Nr. 2005-3 Seiten 1 und 2
DER STACHELDRAHT
FÜR FREIHEIT, RECHT UND DEMOKRATIE
Gegründet 1991 vom BSV-Landesverband Berlin

Ein ambivalentes Datum
Von Horst Schüler

„Nein, ich bin nicht des Redens müde – ich bin des Erzähltbekommens satt.“ So der spanische Schriftsteller und Politiker Jorge Semprun jüngst in einem Interview, in dem es u. a. um die Aufarbeitung der Franco-Zeit ging. Ja: Satt des Erzähltbekommens! Sicher gilt das auch für uns, die wir Zeitzeugen der beiden schrecklichen Diktaturen des vergangenen Jahrhunderts sind, wir, die in deren Kerkern waren und uns heute von Menschen über eine Zeit belehren lassen müssen, die sie bestenfalls aus Büchern kennen.

Warum diese Bitternis? Weil angesichts des 60. Jahrestages des Kriegsendes mal wieder so oberflächlich diskutiert wird, daß es einem graut ob der arroganten Unwissenheit mancher. Was war er denn nun, dieser 8. Mai 1945? Ein Tag der Befreiung, rufen sie, was denn sonst?! Ein Festtag also, wie sollte es wohl anders sein, wenn man befreit wird? Und dann berufen sie sich meist auf Bundespräsident Richard von Weizsäcker, auf dessen berühmte Rede am 8. Mai 1985 im Deutschen Bundestag.

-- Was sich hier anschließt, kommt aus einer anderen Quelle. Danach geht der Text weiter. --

lemma filling_restrict:
  assumes Ys: "is_filling (G', s, b') Ys"
  shows "\<exists>Xs. is_filling (G, s, b) Xs \<and> filling_sigma (G, s, b) Xs \<le> filling_sigma (G', s, b') Ys"
proof -
  obtain a\<^sub>1 where a\<^sub>1: "a\<^sub>1 < length Ys" "g\<^sub>1 \<in> Ys ! a\<^sub>1"
    using filling_obtain_block[OF Ys] extends by blast
  obtain a\<^sub>2 where a\<^sub>2: "a\<^sub>2 < length Ys" "g\<^sub>2 \<in> Ys ! a\<^sub>2"
    using filling_obtain_block[OF Ys] extends by blast
  obtain si where si: "si < length Ys" "Ys ! si = {s}" by (rule filling_obtain_base_block[OF Ys])
  show ?thesis
    using is_filling_merge_new_blocks[OF Ys a\<^sub>1 a\<^sub>2 si] filling_sigma_merge_new_blocks_le[OF Ys a\<^sub>1 a\<^sub>2 si]
    by blast
qed

lemma genus_eq: "genus (G, s, b) = genus (G', s, b')"
proof (rule antisym)
  show "genus (G', s, b') \<le> genus (G, s, b)"
    using is_filling_append_new filling_sigma_append_new_le
    by (intro genus_le_if_dominated[OF filling_exists[OF based]]) blast
  show "genus (G, s, b) \<le> genus (G', s, b')"
    using filling_restrict by (intro genus_le_if_dominated[OF filling_exists[OF based']]) blast
qed

end

lemma genus_eq_if_elem_ext:
  assumes "elem_ext T T'"
  shows "genus T = genus T'"
proof -
  obtain G s b G' s' b' where T: "T = (G, s, b)" and T': "T' = (G', s', b')"
    by (cases T, cases T')
  from assms consider (M1) "ext_M1 T T'" | (M2) "ext_M2 T T'" | (M3) "ext_M3 T T'"
    unfolding elem_ext_def by blast
  then show ?thesis
  proof cases
    case M1
    then obtain g where "s' = s" and "based_matrix (G, s, b)" "based_matrix (G', s, b')"
      and "g \<notin> G" "G' = insert g G" "\<forall>x\<in>G. \<forall>y\<in>G. b' x y = b x y" "\<forall>h\<in>G'. b' g h = 0"
      unfolding ext_M1_def T T' prod.case by blast
    then interpret elementary_extension G s b G' b' g g 0
      by unfold_locales auto
    show ?thesis using genus_eq unfolding T T' \<open>s' = s\<close> .
  next
    case M2
    then obtain g where "s' = s" and "based_matrix (G, s, b)" "based_matrix (G', s, b')"
      and "g \<notin> G" "G' = insert g G" "\<forall>x\<in>G. \<forall>y\<in>G. b' x y = b x y" "\<forall>h\<in>G. b' g h = b s h"
      unfolding ext_M2_def T T' prod.case by blast
    then interpret elementary_extension G s b G' b' g g 1
      by unfold_locales auto
    show ?thesis using genus_eq unfolding T T' \<open>s' = s\<close> .
  next
    case M3
    then obtain g\<^sub>1 g\<^sub>2 where "s' = s" and "based_matrix (G, s, b)" "based_matrix (G', s, b')"
      and "g\<^sub>1 \<notin> G" "g\<^sub>2 \<notin> G" "g\<^sub>1 \<noteq> g\<^sub>2" "G' = insert g\<^sub>1 (insert g\<^sub>2 G)"
        "\<forall>x\<in>G. \<forall>y\<in>G. b' x y = b x y" "\<forall>h\<in>G. b' g\<^sub>1 h + b' g\<^sub>2 h = b s h"
      unfolding ext_M3_def T T' prod.case by blast
    then interpret elementary_extension G s b G' b' g\<^sub>1 g\<^sub>2 1
      by unfold_locales auto
    show ?thesis using genus_eq unfolding T T' \<open>s' = s\<close> .
  qed
qed
lemma err_prob_eq:
  "err_prob \<theta> \<rho> M = (\<Sum>b\<in>UNIV. \<Sum>x\<in>UNIV.
      bilinear_form (outcome_matrix \<rho> (M b x)) (phi_bx \<theta> (\<not> b) x) (phi_bx \<theta> (\<not> b) x))"
proof -
  have proj_real: "proj w = (\<lambda>c c'. complex_of_real (w c * w c'))" for w
    by (intro ext) (simp add: proj_def)
  show ?thesis
    unfolding err_prob_def bilinear_form_def proj_real joint_prob_of_real by (simp add: algebra_simps)
qed

lemma density_marginal_sum:
  assumes "density_op \<rho>"
  shows "marginal_B \<rho> False + marginal_B \<rho> True = 1"
proof -
  have "(\<Sum>x\<in>UNIV. \<rho> x x) = 1"
    using assms unfolding density_op_def by blast
  then have "(\<Sum>a\<in>UNIV. \<Sum>c\<in>UNIV. \<rho> (a, c) (a, c)) = 1"
    by (simp only: sum_UNIV_pair)
  then have "Re ((\<Sum>a\<in>UNIV. \<rho> (a, False) (a, False)) + (\<Sum>a\<in>UNIV. \<rho> (a, True) (a, True))) = 1"
    by (simp add: UNIV_bool sum.distrib)
  then show ?thesis
    unfolding marginal_B_def by simp
qed

lemma claim_prob_sum:
  assumes "density_op \<rho>" "povm4 M"
  shows "claim_prob \<rho> M False + claim_prob \<rho> M True = 1"
  using density_marginal_sum[OF assms(1)] povm_outcome_matrix_diag_sum[OF assms(2), of \<rho> False]
    povm_outcome_matrix_diag_sum[OF assms(2), of \<rho> True]
  by (simp add: claim_prob_eq UNIV_bool)

section \<open>Positive binary quadratic forms\<close>

lemma nonneg_binary_form_discriminant:
  fixes p m q :: real
  assumes nonneg: "\<And>x y. 0 \<le> p * x\<^sup>2 + 2 * m * x * y + q * y\<^sup>2"
  shows "m\<^sup>2 \<le> p * q"
proof (cases "p > 0")
  case True
  have "0 \<le> p * (p * q - m\<^sup>2)"
    using nonneg[of m "- p"] by (simp add: algebra_simps power2_eq_square)
  then show ?thesis
    using True by (simp add: zero_le_mult_iff)
next
  case False
  then have "p = 0"
    using nonneg[of 1 0] by simp
  have "m = 0"
  proof (rule ccontr)
    assume "m \<noteq> 0"
    then show False
      using nonneg[of "- (q + 1) / (2 * m)" 1] \<open>p = 0\<close> by (simp add: field_simps)
  qed
  then show ?thesis
    using nonneg[of 0 1] \<open>p = 0\<close> by simp
qed

lemma bilinear_form_cauchy_schwarz:
  fixes K :: "'i::finite \<Rightarrow> 'i \<Rightarrow> real"
  assumes "\<And>w. 0 \<le> bilinear_form K w w"
  shows "((bilinear_form K u w + bilinear_form K w u) / 2)\<^sup>2 \<le> bilinear_form K u u * bilinear_form K w w"
proof (rule nonneg_binary_form_discriminant)
  fix x y :: real
  have "bilinear_form K (\<lambda>i. x * u i + y * w i) (\<lambda>i. x * u i + y * w i)
      = bilinear_form K u u * x\<^sup>2 + 2 * ((bilinear_form K u w + bilinear_form K w u) / 2) * x * y
        + bilinear_form K w w * y\<^sup>2"
    by (simp add: bilinear_form_def algebra_simps power2_eq_square sum.distrib sum_distrib_left)
  then show "0 \<le> bilinear_form K u u * x\<^sup>2 + 2 * ((bilinear_form K u w + bilinear_form K w u) / 2) * x * y
        + bilinear_form K w w * y\<^sup>2"
    using assms by metis
qed

(* K expanded in the orthonormal basis phi \<alpha>, phi (\<alpha> + pi / 2): its component along
   phi (\<alpha> + pi / 2) drops out. *)
lemma qubit_form_decomposition:
  fixes K :: "bool \<Rightarrow> bool \<Rightarrow> real"
  shows "sin \<alpha> ^ 2 * K True True - cos \<alpha> ^ 2 * K False False
    = - cos (2 * \<alpha>) * bilinear_form K (phi \<alpha>) (phi \<alpha>)
      + sin (2 * \<alpha>) * ((bilinear_form K (phi (\<alpha> + pi / 2)) (phi \<alpha>)
        + bilinear_form K (phi \<alpha>) (phi (\<alpha> + pi / 2))) / 2)"
  using sin_cos_squared_add[of \<alpha>]
  by (simp add: bilinear_form_def phi_def UNIV_bool cos_add sin_add cos_double sin_double
      del: sin_cos_squared_add) algebra

lemma qubit_form_trace:
  fixes K :: "bool \<Rightarrow> bool \<Rightarrow> real"
  shows "bilinear_form K (phi \<alpha>) (phi \<alpha>) + bilinear_form K (phi (\<alpha> + pi / 2)) (phi (\<alpha> + pi / 2))
    = K False False + K True True"
  using sin_cos_squared_add[of \<alpha>]
  by (simp add: bilinear_form_def phi_def UNIV_bool cos_add sin_add del: sin_cos_squared_add) algebra
lemma card_approximable_tails_le:
  assumes \<rho>: "\<rho> > 0" and wide: "4 \<le> D_k n a b k * (\<delta> - c * R_k k powr (-1))"
  shows "real (card (approximable_tails \<rho>)) \<le> (real n - 1) * (24 * \<rho>) ^ (n - 1) * Q_k n a b k ^ n * real (card tails)"
proof -
  have "window_radius = q / 2 * (D_k n a b k * (\<delta> - c * R_k k powr (-1)))"
    by (simp add: window_radius_def algebra_simps)
  also have "\<dots> \<ge> q / 2 * 4"
    using wide q by (intro mult_left_mono) auto
  finally have "2 * q \<le> window_radius"
    by simp
  then show ?thesis
    using card_UN_PiE_approximable_numerators_le[of "{1..<n}" q \<rho> "Q_k n a b k" window_radius window_centre]
      q \<rho> Q_k_pos[of n a b k] n
    unfolding approximable_tails_def tails_def by (simp add: of_nat_diff)
qed

lemma card_crowded_fibre_le:
  assumes \<rho>: "\<rho> > 0" and wide: "4 \<le> D_k n a b k * (\<delta> - c * R_k k powr (-1))"
  shows "real (card {z \<in> crowded n (\<rho> / D_k n a b k) (A_loc n a b c k x \<delta>). z 0 = slab_center n a b k p q 0})
    \<le> (real n - 1) * (24 * \<rho>) ^ (n - 1) * Q_k n a b k ^ n *
      real (card {z \<in> A_loc n a b c k x \<delta>. z 0 = slab_center n a b k p q 0})"
proof -
  have "finite (approximable_tails \<rho>)"
  proof (rule finite_subset)
    show "approximable_tails \<rho> \<subseteq> tails"
      unfolding approximable_tails_def tails_def approximable_numerators_def by (auto simp: PiE_iff)
    show "finite tails"
      unfolding tails_def by (simp add: finite_PiE finite_numerator_window)
  qed
  then have "card {z \<in> crowded n (\<rho> / D_k n a b k) (A_loc n a b c k x \<delta>). z 0 = slab_center n a b k p q 0}
      \<le> card (approximable_tails \<rho>)"
    using crowded_fibre_subset by (meson card_image_le card_mono finite_imageI order_trans)
  then have "real (card {z \<in> crowded n (\<rho> / D_k n a b k) (A_loc n a b c k x \<delta>). z 0 = slab_center n a b k p q 0})
      \<le> real (card (approximable_tails \<rho>))"
    by simp
  also have "\<dots> \<le> (real n - 1) * (24 * \<rho>) ^ (n - 1) * Q_k n a b k ^ n * real (card tails)"
    by (rule card_approximable_tails_le[OF \<rho> wide])
  also have "card tails = card {z \<in> A_loc n a b c k x \<delta>. z 0 = slab_center n a b k p q 0}"
    unfolding fibre_eq_image by (rule card_image[symmetric, OF inj_on_fibre_point])
  finally show ?thesis .
qed
lemma weakly_reversible_siphon_edge_touches:
  assumes "is_crn s n y E" "weakly_reversible n E" "siphon s y E Z" "(i, j) \<in> E"
  shows "touches Z (y i) \<longleftrightarrow> touches Z (y j)"
proof -
  have "i \<in> {1..n}" "j \<in> {1..n}"
    using assms(1,4) by (auto simp: is_crn_def)
  moreover have "(j, i) \<in> (E \<union> E\<inverse>)\<^sup>*"
    using assms(4) by auto
  ultimately have "(j, i) \<in> E\<^sup>*"
    using assms(2) by (auto simp: weakly_reversible_def)
  then show ?thesis
    using assms(3,4) siphon_reachable_touches[of s y E Z] by blast
qed

lemma event_connected_touches:
  assumes "event_connected s y E M N"
    and edge: "\<And>i j. (i, j) \<in> E \<Longrightarrow> touches Z (y i) \<longleftrightarrow> touches Z (y j)"
  shows "touches Z M \<longleftrightarrow> touches Z N"
  using assms(1) unfolding event_connected_def
proof (induction rule: rtrancl_induct)
  case base
  show ?case ..
next
  case (step P Q)
  obtain R i j where "(i, j) \<in> E"
    and "(P = (\<lambda>k. R k + y i k) \<and> Q = (\<lambda>k. R k + y j k)) \<or>
         (Q = (\<lambda>k. R k + y i k) \<and> P = (\<lambda>k. R k + y j k))"
    using step.hyps(2) by (auto simp: event_edges_def)
  with edge[of i j] have "touches Z P \<longleftrightarrow> touches Z Q"
    by (auto simp: touches_def)
  with step.IH show ?case by simp
qed

lemma critical_siphon_stoich_positive:
  assumes "critical_siphon s y E Z"
  obtains c where "\<forall>k\<in>Z. 0 < (\<Sum>e\<in>E. c e * (real (y (fst e) k) - real (y (snd e) k)))"
proof -
  obtain z v where Z_zeros: "Z = {k\<in>{1..s}. z k = 0}"
    and "v \<in> stoich_subspace s y E" and zv: "\<forall>k\<in>{1..s}. 0 < z k + v k"
    using assms by (auto simp: critical_siphon_def)
  then obtain c where v: "\<forall>k\<in>{1..s}. v k = (\<Sum>e\<in>E. c e * (real (y (fst e) k) - real (y (snd e) k)))"
    by (auto simp: stoich_subspace_def)
  have "\<forall>k\<in>Z. 0 < (\<Sum>e\<in>E. c e * (real (y (fst e) k) - real (y (snd e) k)))"
    using Z_zeros zv v by force
  then show ?thesis by (rule that)
qed

lemma critical_siphon_connected_dominating:
  assumes "is_crn s n y E" "critical_siphon s y E Z"
  obtains M N where "M \<in> monomials s" "N \<in> monomials s" "event_connected s y E M N"
    "\<forall>k\<in>Z. M k < N k"
proof -
  have "finite Z"
    using assms(2) by (auto simp: critical_siphon_def siphon_def intro: finite_subset)
  have E: "finite E" "\<And>e. e \<in> E \<Longrightarrow> y (fst e) \<in> monomials s \<and> y (snd e) \<in> monomials s"
    using assms(1) finite_subset[of E "{1..n} \<times> {1..n}"] by (auto simp: is_crn_def)
  obtain c where c: "\<forall>k\<in>Z. 0 < (\<Sum>e\<in>E. c e * (real (y (fst e) k) - real (y (snd e) k)))"
    using assms(2) by (rule critical_siphon_stoich_positive)
  obtain d where d: "\<forall>k\<in>Z. 0 < (\<Sum>e\<in>E. of_int (d e) * (real (y (fst e) k) - real (y (snd e) k)))"
    using integer_combination_positive[OF \<open>finite E\<close> \<open>finite Z\<close> c] .
  obtain M N where "M \<in> monomials s" "N \<in> monomials s" "event_connected s y E M N"
    and "\<forall>k. real (N k) - real (M k)
      = (\<Sum>e\<in>E. of_int (d e) * (real (y (fst e) k) - real (y (snd e) k)))"
    using E by (rule event_connected_integer_combination)
  with d show ?thesis
    by (metis that diff_gt_0_iff_gt of_nat_less_iff)
qed

lemma weakly_reversible_cancelled_not_connected:
  assumes "is_crn s n y E" "weakly_reversible n E" "siphon s y E Z" "\<forall>k\<in>Z. M k < N k"
  shows "\<not> event_connected s y E (\<lambda>k. M k - min (M k) (N k)) (\<lambda>k. N k - min (M k) (N k))"
proof
  assume "event_connected s y E (\<lambda>k. M k - min (M k) (N k)) (\<lambda>k. N k - min (M k) (N k))"
  then have "touches Z (\<lambda>k. M k - min (M k) (N k)) \<longleftrightarrow> touches Z (\<lambda>k. N k - min (M k) (N k))"
    using weakly_reversible_siphon_edge_touches[OF assms(1-3)] by (rule event_connected_touches)
  moreover obtain k where "k \<in> Z"
    using assms(3) by (auto simp: siphon_def)
  ultimately show False
    using assms(4) by (auto simp: touches_def)
qed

Ach, wenn sie sich doch nur einmal die Mühe machen würden, diese Rede zu lesen! Es ist ja richtig, Richard von Weizsäcker hat damals gesagt:

„Der 8. Mai war ein Tag der Befreiung. Er hat uns alle befreit von dem menschenverachtenden System der nationalsozialistischen Gewaltherrschaft.“ Wer wollte dem widersprechen? Wer könnte  leugnen, daß – wie Weizsäcker meinte – wir im Ende des Krieges nicht die Ursache für Flucht, Vertreibung und Unfreiheit sehen dürften, sie läge vielmehr „im Beginn jener Gewaltherrschaft, die zum Kriege führte“. Doch auch dies hat der Bundespräsident gesagt: „Der 8. Mai ist für uns Deutsche kein Tag zum Feiern. Die Menschen, die ihn bewußt erlebt haben, denken an ganz persönliche und damit ganz unterschiedliche Erfahrungen zurück. Der eine kehrte heim, der andere wurde heimatlos. Dieser wurde befreit, für jenen begann die Gefangenschaft ... Verbittert standen Deutsche vor zerrissenen Illusionen, dankbar waren andere Deutsche für den geschenkten Neuanfang.“ Also: Ein Tag der Befreiung von nationalsozialistischen Verbrechen. Ende eines Irrweges deutscher Geschichte, das – wieder Weizsäcker – „den Keim der Hoffnung auf eine bessere Zukunft barg.“

Aber nur in einem Teil Deutschlands keimte diese Hoffung – nicht in den von sowjetischen Truppen besetzten Gebieten! Der 8. Mai 1945 steht besonders für Widerständler gegen den Kommunismus als ein ambivalentes Datum. Einerseits kennzeichnet es selbstverständlich auch und gerade für uns den Tag der Befreiung vom Nationalsozialismus. Geradezu widerlich finden wir deshalb Absichten von Neonazis, sich ausgerechnet dann in Kundgebungen oder Aufmärschen öffentlich darzustellen.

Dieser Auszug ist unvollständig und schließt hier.